_Exercise aim_: What you return should be each line of the data containing the string "where".

*** Opening Data for review ***

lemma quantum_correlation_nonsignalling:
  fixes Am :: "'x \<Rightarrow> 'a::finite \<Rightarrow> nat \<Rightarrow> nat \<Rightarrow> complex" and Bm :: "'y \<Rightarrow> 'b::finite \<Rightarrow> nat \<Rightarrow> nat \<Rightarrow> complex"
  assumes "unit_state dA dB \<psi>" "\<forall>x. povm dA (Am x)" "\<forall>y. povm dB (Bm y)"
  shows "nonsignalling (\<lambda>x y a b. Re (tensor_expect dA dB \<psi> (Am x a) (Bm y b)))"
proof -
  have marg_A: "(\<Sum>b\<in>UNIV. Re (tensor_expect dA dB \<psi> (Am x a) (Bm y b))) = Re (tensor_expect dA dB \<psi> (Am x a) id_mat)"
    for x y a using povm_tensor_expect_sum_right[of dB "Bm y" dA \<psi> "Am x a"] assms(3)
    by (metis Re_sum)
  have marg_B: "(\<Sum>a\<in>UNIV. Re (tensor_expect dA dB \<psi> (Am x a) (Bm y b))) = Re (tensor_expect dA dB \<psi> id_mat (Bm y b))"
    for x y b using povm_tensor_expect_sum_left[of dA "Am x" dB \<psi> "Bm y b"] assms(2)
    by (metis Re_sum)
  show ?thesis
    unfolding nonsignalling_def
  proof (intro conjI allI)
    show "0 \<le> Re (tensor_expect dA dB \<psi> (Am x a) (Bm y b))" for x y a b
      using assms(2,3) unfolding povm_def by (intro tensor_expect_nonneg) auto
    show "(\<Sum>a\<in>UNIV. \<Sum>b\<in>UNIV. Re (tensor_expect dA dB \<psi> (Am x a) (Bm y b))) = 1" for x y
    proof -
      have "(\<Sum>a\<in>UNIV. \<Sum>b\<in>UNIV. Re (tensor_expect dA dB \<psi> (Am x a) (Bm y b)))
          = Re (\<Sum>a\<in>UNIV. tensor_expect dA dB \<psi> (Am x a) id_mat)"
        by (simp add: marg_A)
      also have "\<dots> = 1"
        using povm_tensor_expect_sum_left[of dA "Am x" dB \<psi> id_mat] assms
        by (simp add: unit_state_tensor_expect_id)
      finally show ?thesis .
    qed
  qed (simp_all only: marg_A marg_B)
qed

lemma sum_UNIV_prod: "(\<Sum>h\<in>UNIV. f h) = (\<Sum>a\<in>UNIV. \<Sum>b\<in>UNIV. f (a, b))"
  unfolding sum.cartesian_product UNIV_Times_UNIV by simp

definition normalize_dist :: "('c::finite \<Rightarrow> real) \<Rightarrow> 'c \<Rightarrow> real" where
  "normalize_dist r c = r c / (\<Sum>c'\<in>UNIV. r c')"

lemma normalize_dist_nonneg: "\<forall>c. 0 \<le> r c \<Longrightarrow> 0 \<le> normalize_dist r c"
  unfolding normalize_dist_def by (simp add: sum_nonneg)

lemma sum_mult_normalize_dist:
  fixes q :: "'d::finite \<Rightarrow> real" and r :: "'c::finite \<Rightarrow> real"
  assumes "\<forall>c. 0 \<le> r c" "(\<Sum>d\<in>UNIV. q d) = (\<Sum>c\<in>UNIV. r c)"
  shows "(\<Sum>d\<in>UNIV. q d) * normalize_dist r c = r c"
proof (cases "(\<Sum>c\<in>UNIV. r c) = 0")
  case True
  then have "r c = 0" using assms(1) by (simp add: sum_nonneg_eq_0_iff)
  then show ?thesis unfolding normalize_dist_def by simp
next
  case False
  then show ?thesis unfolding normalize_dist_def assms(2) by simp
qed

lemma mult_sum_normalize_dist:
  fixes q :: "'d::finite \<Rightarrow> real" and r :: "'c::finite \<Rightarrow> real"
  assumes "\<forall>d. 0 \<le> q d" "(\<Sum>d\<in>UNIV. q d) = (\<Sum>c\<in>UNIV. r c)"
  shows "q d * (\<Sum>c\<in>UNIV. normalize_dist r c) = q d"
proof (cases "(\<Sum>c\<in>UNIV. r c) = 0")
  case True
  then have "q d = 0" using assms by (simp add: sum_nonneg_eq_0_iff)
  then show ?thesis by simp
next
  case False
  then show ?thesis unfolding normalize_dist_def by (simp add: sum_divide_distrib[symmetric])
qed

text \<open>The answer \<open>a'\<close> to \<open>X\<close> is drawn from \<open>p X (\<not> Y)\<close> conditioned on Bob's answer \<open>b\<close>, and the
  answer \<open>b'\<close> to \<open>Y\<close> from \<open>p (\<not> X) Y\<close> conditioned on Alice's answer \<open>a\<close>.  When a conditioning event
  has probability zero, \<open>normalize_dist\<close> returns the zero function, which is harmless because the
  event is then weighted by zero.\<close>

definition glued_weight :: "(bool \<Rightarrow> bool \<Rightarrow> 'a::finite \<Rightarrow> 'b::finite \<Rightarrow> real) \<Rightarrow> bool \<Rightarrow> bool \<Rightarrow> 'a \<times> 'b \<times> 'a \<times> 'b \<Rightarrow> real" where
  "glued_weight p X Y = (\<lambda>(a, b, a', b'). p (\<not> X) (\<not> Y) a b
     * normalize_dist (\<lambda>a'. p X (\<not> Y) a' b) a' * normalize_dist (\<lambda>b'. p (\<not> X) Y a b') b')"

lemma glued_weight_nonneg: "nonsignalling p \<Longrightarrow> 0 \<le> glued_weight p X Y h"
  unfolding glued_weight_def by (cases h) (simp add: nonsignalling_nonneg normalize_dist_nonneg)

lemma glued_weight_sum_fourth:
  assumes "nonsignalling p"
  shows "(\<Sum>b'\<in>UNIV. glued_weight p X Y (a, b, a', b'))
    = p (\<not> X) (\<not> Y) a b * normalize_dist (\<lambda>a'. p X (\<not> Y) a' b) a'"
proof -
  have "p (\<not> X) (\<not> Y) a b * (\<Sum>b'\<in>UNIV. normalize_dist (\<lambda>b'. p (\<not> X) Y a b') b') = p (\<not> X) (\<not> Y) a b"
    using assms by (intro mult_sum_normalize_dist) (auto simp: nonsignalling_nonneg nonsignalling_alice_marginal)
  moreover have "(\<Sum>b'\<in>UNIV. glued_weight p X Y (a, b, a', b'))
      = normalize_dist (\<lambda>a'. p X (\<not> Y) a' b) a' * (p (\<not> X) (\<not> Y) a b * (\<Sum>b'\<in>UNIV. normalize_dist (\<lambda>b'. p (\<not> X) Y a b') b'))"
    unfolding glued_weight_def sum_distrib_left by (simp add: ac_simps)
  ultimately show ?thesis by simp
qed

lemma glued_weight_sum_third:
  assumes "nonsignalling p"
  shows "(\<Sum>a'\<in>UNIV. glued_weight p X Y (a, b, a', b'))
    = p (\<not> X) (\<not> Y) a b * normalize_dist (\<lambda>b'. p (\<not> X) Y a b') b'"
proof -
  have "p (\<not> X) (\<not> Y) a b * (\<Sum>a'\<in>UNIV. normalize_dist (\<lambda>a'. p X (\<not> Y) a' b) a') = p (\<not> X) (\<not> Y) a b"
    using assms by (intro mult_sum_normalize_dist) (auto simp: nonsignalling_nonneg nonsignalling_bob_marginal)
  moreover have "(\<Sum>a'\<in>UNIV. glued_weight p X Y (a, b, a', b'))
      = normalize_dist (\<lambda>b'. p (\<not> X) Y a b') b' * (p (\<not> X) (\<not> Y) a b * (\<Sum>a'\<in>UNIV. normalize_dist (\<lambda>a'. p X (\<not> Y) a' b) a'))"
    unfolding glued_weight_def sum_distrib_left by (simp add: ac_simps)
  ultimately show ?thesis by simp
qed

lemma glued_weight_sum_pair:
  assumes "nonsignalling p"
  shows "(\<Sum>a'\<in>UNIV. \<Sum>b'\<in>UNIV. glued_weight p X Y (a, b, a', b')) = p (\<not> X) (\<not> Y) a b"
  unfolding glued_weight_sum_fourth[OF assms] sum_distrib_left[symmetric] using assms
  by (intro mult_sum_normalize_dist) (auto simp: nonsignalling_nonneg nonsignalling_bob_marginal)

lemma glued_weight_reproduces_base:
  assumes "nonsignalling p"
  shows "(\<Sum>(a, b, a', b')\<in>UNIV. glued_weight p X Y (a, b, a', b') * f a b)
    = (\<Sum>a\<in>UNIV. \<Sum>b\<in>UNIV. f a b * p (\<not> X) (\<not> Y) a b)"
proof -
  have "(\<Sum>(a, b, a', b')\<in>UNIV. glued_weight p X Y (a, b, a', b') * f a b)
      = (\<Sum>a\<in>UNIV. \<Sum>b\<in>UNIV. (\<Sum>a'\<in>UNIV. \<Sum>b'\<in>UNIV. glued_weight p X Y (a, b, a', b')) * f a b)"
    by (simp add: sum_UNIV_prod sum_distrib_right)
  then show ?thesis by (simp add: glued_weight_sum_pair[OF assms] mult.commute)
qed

*** Closing Data for review ***

_Solution to the problem_:
definition normalize_dist :: "('c::finite \<Rightarrow> real) \<Rightarrow> 'c \<Rightarrow> real" where
definition glued_weight :: "(bool \<Rightarrow> bool \<Rightarrow> 'a::finite \<Rightarrow> 'b::finite \<Rightarrow> real) \<Rightarrow> bool \<Rightarrow> bool \<Rightarrow> 'a \<times> 'b \<times> 'a \<times> 'b \<Rightarrow> real" where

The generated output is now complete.